After cloning the project, cd
to PyAutoSpell
and then do
python3 -m pip install -r requirements.txt
(Note that I include python3 -m
before my pip
call since I have multiple pythons installed on my system and I want the package installed for my python3
install; your setup might be different).
The spacy
dependency requires an en
language model. Do
python3 -m spacy download en
One installation pitfall that OSX users should be mindful of when installing the CyHunspell
dependency: During install, you'll very likley get an Operation not permitted
error when trying to install one of CyHunspell
's dependencies, six
. Deal with this by editing the above command as follows:
python3 -m pip install -r requirements.txt --ignore-installed six
You should confirm that CyHunspell
and the rest of the dependencies listed in requirements.txt
have been correctly installed by doing a pip freeze
Then, install PyAutoSpell
by doing
python3 -m pip install .
Along with the python dependencies included in requirements.txt
, PyAutoSpell requires two additional resources: a hunspell dictionary and a KenLM language model in binary format. The former is available from the usual sources. (I've also included a recent hunspell
english dict in the resources
folder so you can go ahead and use that.) For demonstration purposes I've trained a relatively small (~53 million trigrams) KenLM model on a subset of Wikipedia, which you can access here. This model works reasonably well but you'll have to train a larger model if you want better performance. The usage example below assumes that both these files have been placed in the resources
folder.
Python 3.6.5 (default, Apr 25 2018, 14:23:58)

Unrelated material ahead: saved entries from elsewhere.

lemma alpha_free_col_lift_iff:
  assumes "j < M"
  shows "alpha_free_col k (tab_lift k lam M h a d T') j \<longleftrightarrow> alpha_free_col (k - d) T' j"
proof -
  have "(\<exists>i\<in>{1..k}. tab_lift k lam M h a d T' (i, j) = Alpha) \<longleftrightarrow> (\<exists>i\<in>{1..k - d}. T' (i, j) = Alpha)"
  proof
    assume "\<exists>i\<in>{1..k}. tab_lift k lam M h a d T' (i, j) = Alpha"
    then obtain i where i: "i \<in> {1..k}" "tab_lift k lam M h a d T' (i, j) = Alpha" by blast
    have Y: "in_Y k lam (i, j)" and j: "j \<noteq> M" using tab_lift_nonempty i(2) assms by auto
    have kept: "i \<le> a \<or> h < i" using tab_lift_nonempty_kept[OF Y j] i(2) by simp
    have "T' (row_unskip a d i, j) = Alpha" using tab_lift_kept_rows[OF Y j kept] i by simp
    moreover have "row_unskip a d i \<in> {1..k - d}" using row_unskip_range kept i by simp
    ultimately show "\<exists>i\<in>{1..k - d}. T' (i, j) = Alpha" by blast
  next
    assume "\<exists>i\<in>{1..k - d}. T' (i, j) = Alpha"
    then obtain i where i: "i \<in> {1..k - d}" "T' (i, j) = Alpha" by blast
    then have "j < M \<and> in_Y k lam (row_skip a d i, j)" using shrunk_nonempty[of i j] by simp
    then have "tab_lift k lam M h a d T' (row_skip a d i, j) = Alpha"
      using tab_lift_row_skip i by simp
    moreover have "row_skip a d i \<in> {1..k}" using row_skip_range i by simp
    ultimately show "\<exists>i\<in>{1..k}. tab_lift k lam M h a d T' (i, j) = Alpha" by blast
  qed
  then show ?thesis by (simp add: alpha_free_col_def)
qed

lemma alpha_free_col_lift_last: "alpha_free_col k (tab_lift k lam M h a d T') M \<longleftrightarrow> a = 0"
proof
  assume M_free: "alpha_free_col k (tab_lift k lam M h a d T') M"
  show "a = 0"
  proof (rule ccontr)
    assume "a \<noteq> 0"
    then have Y: "in_Y k lam (a, M)" using in_Y_last_col split by auto
    then have "a \<in> {1..k}" by (simp add: in_Y_iff)
    then show False using M_free tab_lift_last_col[OF Y] by (auto simp: alpha_free_col_def)
  qed
next
  assume "a = 0"
  then have "tab_lift k lam M h a d T' (i, M) \<noteq> Alpha" if "i \<in> {1..k}" for i
    using that tab_lift_last_col[of i] tab_lift_nonempty[of i M] by fastforce
  then show "alpha_free_col k (tab_lift k lam M h a d T') M" by (simp add: alpha_free_col_def)
qed

lemma alpha_free_cols_lift:
  "alpha_free_cols k m (tab_lift k lam M h a d T')
    = alpha_free_cols (k - d) (m - 1) T' + (if a = 0 then 1 else 0)"
proof -
  have above: "alpha_free_col k (tab_lift k lam M h a d T') j" if "M < j" for j
  proof -
    have "\<not> in_Y k lam (i, j)" for i using in_Y_le_M[of i j] that by (meson not_le)
    then show ?thesis unfolding alpha_free_col_def by (metis cell.distinct(1) tab_lift_nonempty)
  qed
  have above': "alpha_free_col (k - d) T' j" if "M \<le> j" for j
    unfolding alpha_free_col_def using shrunk_nonempty that by (metis cell.distinct(1) not_le)
  have "card {j\<in>{1..m}. alpha_free_col k (tab_lift k lam M h a d T') j}
      = card {j\<in>{1..m - 1}. alpha_free_col (k - d) T' j}
        + (if alpha_free_col k (tab_lift k lam M h a d T') M then 1 else 0)"
    by (rule card_cols_delete[OF M_pos M_le above above' alpha_free_col_lift_iff])
  then show ?thesis using alpha_free_col_lift_last by (simp add: alpha_free_cols_def)
qed

end

lemma bij_betw_tab_lift:
  "bij_betw (tab_lift k lam M h a d) (catalan_tableaux n (k - d) lam')
     {T\<in>catalan_tableaux n k lam. tab_cut h M T = a}"
  by (rule bij_betw_byWitness[where f' = "tab_drop M a d"])
    (use tab_drop_lift tab_lift_drop tab_lift_in tab_cut_lift tab_drop_in in auto)

lemma count_preserving_bij_lift:
  assumes F: "count_preserving_bij (k - d) (m - 1) lam' F
    (catalan_paths n (k - d) lam') (catalan_tableaux n (k - d) lam')"
  shows "count_preserving_bij k m lam (tab_lift k lam M h a d \<circ> F \<circ> path_drop k d)
    {C\<in>catalan_paths n k lam. path_cut h M C = a} {T\<in>catalan_tableaux n k lam. tab_cut h M T = a}"
proof -
  have bij: "bij_betw F (catalan_paths n (k - d) lam') (catalan_tableaux n (k - d) lam')"
    using F by (simp add: count_preserving_bij_def)
  have "path_south_border k C = beta_free_rows k m (tab_lift k lam M h a d (F (path_drop k d C)))
      \<and> cols_above_path k m lam C
        = alpha_free_cols k m (tab_lift k lam M h a d (F (path_drop k d C)))"
    if C: "C \<in> catalan_paths n k lam" "path_cut h M C = a" for C
  proof -
    define C' where "C' = path_drop k d C"
    have C': "C' \<in> catalan_paths n (k - d) lam'" using path_drop_in[OF C] by (simp add: C'_def)
    have C_eq: "C = path_lift k M d C'" using path_lift_drop[OF C] by (simp add: C'_def)
    have FC': "F C' \<in> catalan_tableaux n (k - d) lam'" using bij C' by (simp add: bij_betw_apply)
    have "path_south_border (k - d) C' = beta_free_rows (k - d) (m - 1) (F C')"
      "cols_above_path (k - d) (m - 1) lam' C' = alpha_free_cols (k - d) (m - 1) (F C')"
      using F C' by (auto simp: count_preserving_bij_def)
    then show ?thesis
      unfolding C_eq path_drop_lift[OF C']
      using south_border_path_lift[OF C'] cols_above_path_lift[OF C']
        beta_free_rows_lift[OF FC'] alpha_free_cols_lift[OF FC']
      by simp
  qed
  moreover have "bij_betw (tab_lift k lam M h a d \<circ> (F \<circ> path_drop k d))
      {C\<in>catalan_paths n k lam. path_cut h M C = a} {T\<in>catalan_tableaux n k lam. tab_cut h M T = a}"
    by (rule bij_betw_trans[OF bij_betw_trans[OF bij_betw_path_drop bij] bij_betw_tab_lift])
  ultimately show ?thesis by (simp add: count_preserving_bij_def comp_assoc)
qed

[GCC 4.2.1 Compatible Apple LLVM 9.1.0 (clang-902.0.39.1)] on darwin
Type "help", "copyright", "credits" or "license" for more information.
>>> import pyautospell
>>> from pyautospell.autochecker import AutoChecker
>>> spell_checker = AutoChecker.Builder().dictionary("./resources/hunspell-en_US-2018.04.16/").dictionary_name("en_US").language_model('./resources/wiki_lm_truncated_c.klm').build()
>>> auto_checker = AutoChecker(spell_checker)
>>> corrections = auto_checker.correct_spelling("It is my beleif, Watson, founded upon my esperience, that the low3est and vilest alleys in London do noit present a more dr3eadful record of sin than does the smiling and beautiful countryside")
<class 'list'>
>>> misspellings = corrections.misspellings
>>> for misspelling in misspellings:
... print("misspelled : ", misspelling.word)
...
misspelled : beleif
misspelled : esperience
misspelled : low3est
misspelled : noit
misspelled : dr3eadful
>>> print("corrected text: ",corrections.corrected_text)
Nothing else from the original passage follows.